Orange
by Leif Sohlman
Title
Orange
Artist
Leif Sohlman
Medium
Photograph - Photo
Description
Orange flower in daylight. Canon 5D mk III
The colour orange takes its name from the orange fruit. On the spectrum of light, and in the traditional colour wheel used by painters, it is located between red and yellow.
In Europe and America, orange is commonly associated with amusement, the unconventional, extroverts, fire, activity, danger, taste and aroma, the autumn season, and Protestantism. In Asia, it is an important symbolic colour of Buddhism and Hinduism
The colour orange is named after the appearance of the ripe orange fruit.[3]
The word comes from the Old French orenge, from the old term for the fruit, pomme d'orenge. That name comes from the Arabic naranj, through the Persian naranj, derived from the sanskrit naranga.[4]
Before this word was introduced to the English-speaking world, the colour was referred to as ġeolurēad (yellow-red).
The first recorded use of orange as a colour name in English was in 1512,[5][6] in a will now filed with the Public Record Office
In ancient Egypt, artists used an orange mineral pigment called realgar for tomb paintings and other uses. It was also used later by Medieval artists for the colouring of manuscripts. Pigments were also made in ancient times from a mineral known as orpiment. Orpiment was an important item of trade in the Roman Empire and was used as a medicine in China although it contains arsenic and is highly toxic. It was also used as a fly poison and to poison arrows. Because of its yellow-orange colour, it was also a favourite with alchemists searching for a way to make gold, both in China and the West.

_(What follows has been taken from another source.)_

(* Let $m\ge 1$ and let $f_1,\dots,f_m:[0,\infty)\to[0,\infty)$ be twice differentiable functions such that for every $i$: $f_i(0)=0$; $f_i(x)<x$ for all $x>0$; $f_i'(x)>0$ and $f_i''(x)<0$ for all $x$; and $\lim_{x\to\infty}f_i(x)=K_i<\infty$. Fix $\rho\in[0,1)$. Then there is a unique pair $(\mathbf{u},\mu)$ with $\mathbf{u}=(u_1,\dots,u_m)^{T}$, $u_i\ge 0$, $\sum_i u_i=1$, and $0<\mu<1$, satisfying $$u_i=\Big((1-\rho)+\frac{\rho}{\mu}\Big)f_i(u_i)+\frac{1-\rho}{m}(1-\mu)\quad (i=1,\dots,m),\qquad \mu=\sum_{i=1}^m f_i(u_i),$$ i.e. the map $F$ below has a unique fixed point on the simplex. Moreover this fixed point is linearly stable: every eigenvalue of the Jacobian of $F$ at the fixed point is real and lies in $[0,1)$.
   Context: The infinite-population foraging model is the map $F$ on the simplex $\{\mathbf{u}\in\mathbb{R}^m: u_i\ge0,\ \sum_i u_i=1\}$ given by $\mathbf{u}_{n+1}=F(\mathbf{u}_n)$ with $$F(\mathbf{u})=\mathbf{f}(\mathbf{u})+\big(1-\langle\mathbf{1},\mathbf{f}(\mathbf{u})\rangle\big)\Big(\frac{\rho}{\langle\mathbf{1},\mathbf{f}(\mathbf{u})\rangle}\mathbf{f}(\mathbf{u})+\frac{1-\rho}{m}\mathbf{1}\Big),$$ where $\mathbf{f}(\mathbf{u})=(f_1(u_1),\dots,f_m(u_m))^T$, $\mathbf{1}=(1,\dots,1)^T$, and $\rho\in[0,1]$ is the recruitment probability. Here $u_{i,n}$ is the fraction of foragers flying to site $i$ at time $n$ and $f_i(u)$ the fraction that forage successfully there. Steady states are fixed points of $F$. *)

theory Defs
  imports "HOL-Analysis.Analysis"
begin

Before the late 15th century, the colour orange existed in Europe, but without the name; it was simply called yellow-red. Spanish and Portuguese merchants brought the first orange trees to Europe from Asia in the late 15th and early 16th century, along with the sanskrit name "naranga," which gradually became "orange" in English. In parts of Germany, the Netherlands, and Russia, the orange fruit was and is still called the Chinese apple.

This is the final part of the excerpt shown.